A Q fever cluster among workers at an abattoir in south-western Sydney, Australia, 2015
10.5365/wpsar.2016.7.2.012
- Author:
Heidi Lord
;
Stephanie Fletcher-Lartey
;
Guy Weerasinghe
;
Meena Chandra
;
Nilva Egana
;
Nicole Schembri
;
Stephen Conaty
- Publication Type:Journal Article
- Keywords:
Coxiella Burnetii;
Q fever;
Zoonoses;
Abattoir;
Outbreak investigation;
Epidemiology
- From:
Western Pacific Surveillance and Response
2016;7(4):21-27
- CountryWHO-WPRO
- Language:English
-
Abstract:
Background: In September 2015, the Public Health Unit of the South Western Sydney Local Health District was notified of two possible Q fever cases. Case investigation identified that both cases were employed at an abattoir, and both cases advised that co-workers had experienced similar symptoms. Public Health Unit staff also recalled interviewing in late 2014 at least one other Q fever case who worked at the same abattoir. This prompted an outbreak investigation.
Methods: The investigation incorporated active case finding, microbiological analysis, field investigation and a risk factor survey. Included cases were laboratory definitive or suspected cases occurring from October 2014 to October 2015, residing or working in south-western Sydney. A suspected case had clinically compatible illness, high-risk exposure and was epidemiologically linked to another confirmed case. A confirmed case included laboratory detection of C. burnetii.
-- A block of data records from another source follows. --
lemma tpr_rank_one_seqc:
  assumes DA: "id_decomp A DA" and T: "T \<in> hom Th A B" and \<tau>: "(s, e, W) \<in> testers Th A B"
    and P: "P \<in> states B" and E: "E \<in> effects B"
  shows "tpr Th (s, e, W) (seqc Th (seqc Th P E) T) = (\<Sum>(c', P', E')\<leftarrow>DA.
      c' * tpr Th (s, e, W) (seqc Th P E') * prob Th (seqc Th E (seqc Th T P')))"
proof -
  have s: "s \<in> hom Th (unitS Th) (tensS Th A W)" and e: "e \<in> hom Th (tensS Th B W) (unitS Th)"
    using \<tau> unfolding testers_def by auto
  have "tpr Th (s, e, W) (seqc Th (seqc Th P E) T) =
      (\<Sum>(c', P', E')\<leftarrow>DA. c' * tpr Th (s, e, W) (seqc Th (seqc Th (seqc Th P E) T) (seqc Th P' E')))"
    using tpr_insert_id_decomp_input[OF DA _ \<tau>] P E T by simp
  also have "\<dots> = (\<Sum>(c', P', E')\<leftarrow>DA.
      c' * tpr Th (s, e, W) (seqc Th P E') * prob Th (seqc Th E (seqc Th T P')))"
  proof (rule sum_list_map_triples_cong)
    fix c' P' E' assume "(c', P', E') \<in> set DA"
    then have P': "P' \<in> states A" and E': "E' \<in> effects A"
      using id_decomp_homs[OF DA] by auto
    have "seqc Th (seqc Th (seqc Th P E) T) (seqc Th P' E') = seqc Th P (seqc Th (seqc Th E (seqc Th T P')) E')"
      using P E T P' E' by (simp add: seqc_assoc)
    then show "c' * tpr Th (s, e, W) (seqc Th (seqc Th (seqc Th P E) T) (seqc Th P' E')) =
        c' * tpr Th (s, e, W) (seqc Th P E') * prob Th (seqc Th E (seqc Th T P'))"
      using tpr_seqc_scalar[of "seqc Th E (seqc Th T P')" P B E' A s W e] P E T P' E' s e by simp
  qed
  finally show ?thesis .
qed

text \<open>Inserting identity decompositions on both sides writes \<open>T\<close> as
  \<open>\<Sum> c c' (E \<circ> T \<circ> P') P \<circ> E'\<close>, a combination of rank-one processes whose coefficients
  \<open>E \<circ> T \<circ> P'\<close> are closed diagrams.\<close>

lemma tpr_expansion:
  assumes DA: "id_decomp A DA" and DB: "id_decomp B DB" and T: "T \<in> hom Th A B"
    and \<tau>: "\<tau> \<in> testers Th A B"
  shows "tpr Th \<tau> T = (\<Sum>(c, P, E)\<leftarrow>DB. \<Sum>(c', P', E')\<leftarrow>DA.
           c * c' * tpr Th \<tau> (seqc Th P E') * prob Th (seqc Th E (seqc Th T P')))"
proof -
  obtain s e W where \<tau>_def: "\<tau> = (s, e, W)"
    by (metis prod_cases3)
  have "tpr Th \<tau> T = (\<Sum>(c, P, E)\<leftarrow>DB. c * tpr Th \<tau> (seqc Th (seqc Th P E) T))"
    using tpr_insert_id_decomp_output[OF DB T \<tau>[unfolded \<tau>_def]] unfolding \<tau>_def .
  also have "\<dots> = (\<Sum>(c, P, E)\<leftarrow>DB. \<Sum>(c', P', E')\<leftarrow>DA.
      c * c' * tpr Th \<tau> (seqc Th P E') * prob Th (seqc Th E (seqc Th T P')))"
  proof (rule sum_list_map_triples_cong)
    fix c P E assume "(c, P, E) \<in> set DB"
    then have "P \<in> states B" "E \<in> effects B"
      using id_decomp_homs[OF DB] by auto
    then show "c * tpr Th \<tau> (seqc Th (seqc Th P E) T) = (\<Sum>(c', P', E')\<leftarrow>DA.
        c * c' * tpr Th \<tau> (seqc Th P E') * prob Th (seqc Th E (seqc Th T P')))"
      using tpr_rank_one_seqc[OF DA T \<tau>[unfolded \<tau>_def]] unfolding \<tau>_def
      by (simp add: mult.assoc prod.case_distrib flip: sum_list_const_mult)
  qed
  finally show ?thesis .
qed

lemma tpr_parc_idp: "tpr Th (s, e, tensS Th B W) X = tpr Th (s, e, W) (parc Th X (idp Th B))"
  by (simp add: tpr_def parc_assoc[symmetric] idp_tensS[symmetric])

lemma tpr_parc_rank_one:
  assumes P: "P \<in> states A" and E: "E \<in> effects A" and T: "T \<in> hom Th B B'"
    and s: "s \<in> hom Th (unitS Th) (tensS Th A (tensS Th B W))"
    and e: "e \<in> hom Th (tensS Th A (tensS Th B' W)) (unitS Th)"
  shows "tpr Th (s, e, W) (parc Th (seqc Th P E) T) =
    tpr Th (seqc Th (parc Th E (idp Th (tensS Th B W))) s, seqc Th e (parc Th P (idp Th (tensS Th B' W))), W) T"
proof -
  let ?G = "parc Th T (idp Th W)"
  have "parc Th (seqc Th P E) ?G = parc Th (seqc Th P E) (seqc Th ?G (idp Th (tensS Th B W)))"
    using T by simp
  also have "\<dots> = seqc Th (parc Th P ?G) (parc Th E (idp Th (tensS Th B W)))"
    using P E T by (intro parc_seqc) auto
  also have "parc Th P ?G = seqc Th (parc Th P (idp Th (tensS Th B' W))) ?G"
    using parc_slide_left[of P ?G] P T by simp
  finally have "parc Th (parc Th (seqc Th P E) T) (idp Th W) =
      seqc Th (seqc Th (parc Th P (idp Th (tensS Th B' W))) ?G) (parc Th E (idp Th (tensS Th B W)))"
    by (simp add: parc_assoc)
  then show ?thesis
    using P E T s e by (simp add: tpr_def seqc_assoc)
qed

lemma tpr_rank_one_id_decomp:
  assumes D: "id_decomp B D" and P: "P \<in> states A" and E: "E \<in> effects A"
    and s: "s \<in> hom Th (unitS Th) (tensS Th A (tensS Th B W))"
    and e: "e \<in> hom Th (tensS Th A (tensS Th B W)) (unitS Th)"
  shows "tpr Th (s, e, tensS Th B W) (seqc Th P E) =
    (\<Sum>(c, P', E')\<leftarrow>D. c * tpr Th (s, e, W) (seqc Th (parc Th P P') (parc Th E E')))"
proof -
  let ?\<tau> = "(seqc Th (parc Th E (idp Th (tensS Th B W))) s, seqc Th e (parc Th P (idp Th (tensS Th B W))), W)"
  have "?\<tau> \<in> testers Th B B"
    using P E s e unfolding testers_def by simp
  have "tpr Th (s, e, tensS Th B W) (seqc Th P E) = tpr Th ?\<tau> (idp Th B)"
    using tpr_parc_rank_one[OF P E _ s e, of "idp Th B"] by (simp add: tpr_parc_idp)
  also have "\<dots> = (\<Sum>(c, P', E')\<leftarrow>D. c * tpr Th ?\<tau> (seqc Th P' E'))"
    by (rule tpr_idp_id_decomp[OF D \<open>?\<tau> \<in> testers Th B B\<close>])
  also have "\<dots> = (\<Sum>(c, P', E')\<leftarrow>D. c * tpr Th (s, e, W) (seqc Th (parc Th P P') (parc Th E E')))"
  proof (rule sum_list_map_triples_cong)
    fix c P' E' assume "(c, P', E') \<in> set D"
    then have P': "P' \<in> states B" and E': "E' \<in> effects B"
      using id_decomp_homs[OF D] by auto
    have "parc Th (seqc Th P E) (seqc Th P' E') = seqc Th (parc Th P P') (parc Th E E')"
      using P E P' E' by (intro parc_seqc) auto
    then show "c * tpr Th ?\<tau> (seqc Th P' E') = c * tpr Th (s, e, W) (seqc Th (parc Th P P') (parc Th E E'))"
      using tpr_parc_rank_one[OF P E _ s e, of "seqc Th P' E'"] P' E' by simp
  qed
  finally show ?thesis .
qed

definition decomp_tensor :: "(real \<times> 'p \<times> 'p) list \<Rightarrow> (real \<times> 'p \<times> 'p) list \<Rightarrow> (real \<times> 'p \<times> 'p) list" where
  "decomp_tensor DA DB =
     concat (map (\<lambda>(c, P, E). map (\<lambda>(c', P', E'). (c * c', parc Th P P', parc Th E E')) DB) DA)"

lemma set_decomp_tensor:
  "x \<in> set (decomp_tensor DA DB) \<longleftrightarrow>
   (\<exists>c P E c' P' E'. (c, P, E) \<in> set DA \<and> (c', P', E') \<in> set DB \<and>
      x = (c * c', parc Th P P', parc Th E E'))"
  unfolding decomp_tensor_def by force

lemma lc_val_decomp_tensor:
  "lc_val f (map (\<lambda>(c, P, E). (c, seqc Th P E)) (decomp_tensor DA DB)) =
   (\<Sum>(c, P, E)\<leftarrow>DA. c * (\<Sum>(c', P', E')\<leftarrow>DB. c' * f (seqc Th (parc Th P P') (parc Th E E'))))"
  unfolding decomp_tensor_def lc_val_map_triples
  by (induction DA) (auto simp: o_def case_prod_beta mult.assoc sum_list_const_mult)

lemma id_decomp_tensS:
  assumes DA: "id_decomp A DA" and DB: "id_decomp B DB"
  shows "id_decomp (tensS Th A B) (decomp_tensor DA DB)"
  unfolding id_decomp_def
proof
  show "\<forall>(c, P, E)\<in>set (decomp_tensor DA DB). P \<in> states (tensS Th A B) \<and> E \<in> effects (tensS Th A B)"
    using id_decomp_homs[OF DA] id_decomp_homs[OF DB] by (fastforce simp: set_decomp_tensor)
  show "gpt_eq Th (tensS Th A B) (tensS Th A B) [(1, idp Th (tensS Th A B))]
      (map (\<lambda>(c, P, E). (c, seqc Th P E)) (decomp_tensor DA DB))"
    unfolding gpt_eq_def
  proof
    fix \<tau> assume "\<tau> \<in> testers Th (tensS Th A B) (tensS Th A B)"
    then obtain s e W where \<tau>: "\<tau> = (s, e, W)"
      and s: "s \<in> hom Th (unitS Th) (tensS Th A (tensS Th B W))"
      and e: "e \<in> hom Th (tensS Th A (tensS Th B W)) (unitS Th)"
      unfolding testers_def by (auto simp: tensS_assoc)
    have "(s, e, tensS Th B W) \<in> testers Th A A"
      using s e unfolding testers_def by simp
    then have "tpr Th (s, e, tensS Th B W) (idp Th A) =
        (\<Sum>(c, P, E)\<leftarrow>DA. c * tpr Th (s, e, tensS Th B W) (seqc Th P E))"
      by (rule tpr_idp_id_decomp[OF DA])
    also have "\<dots> = (\<Sum>(c, P, E)\<leftarrow>DA. c *
        (\<Sum>(c', P', E')\<leftarrow>DB. c' * tpr Th (s, e, W) (seqc Th (parc Th P P') (parc Th E E'))))"
      using id_decomp_homs[OF DA] tpr_rank_one_id_decomp[OF DB _ _ s e]
      by (intro sum_list_map_triples_cong) simp
    finally show "lc_val (tpr Th \<tau>) [(1, idp Th (tensS Th A B))] =
        lc_val (tpr Th \<tau>) (map (\<lambda>(c, P, E). (c, seqc Th P E)) (decomp_tensor DA DB))"
      unfolding \<tau> lc_val_decomp_tensor by (simp add: tpr_parc_idp idp_tensS)
  qed
qed

definition product_state :: "'s list \<Rightarrow> 'p \<Rightarrow> bool" where
  "product_state As P \<longleftrightarrow> (\<exists>Ps. P = parL Th Ps \<and> list_all2 (\<lambda>Q A. Q \<in> states A) Ps As)"

definition product_effect :: "'s list \<Rightarrow> 'p \<Rightarrow> bool" where
  "product_effect As E \<longleftrightarrow> (\<exists>Es. E = parL Th Es \<and> list_all2 (\<lambda>F A. F \<in> effects A) Es As)"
Results: Eight cases met the case definition with seven confirmed (including a deceased case) and one suspected. The eight cases were all males who had been employed at an abattoir in south-western Sydney during their incubation period; symptom onset dates ranged from November 2014 to September 2015. Field investigation identified multiple potential risk factors at the abattoir, and the majority (75%) of employees were not vaccinated against Q fever despite this high-risk setting.
Conclusion: This cluster of Q fever in a single abattoir confirms the significance of this zoonotic disease as an occupational hazard among persons working in high-risk environments. Implementation of Q fever vaccination programmes should eliminate Q fever in high-risk occupational settings.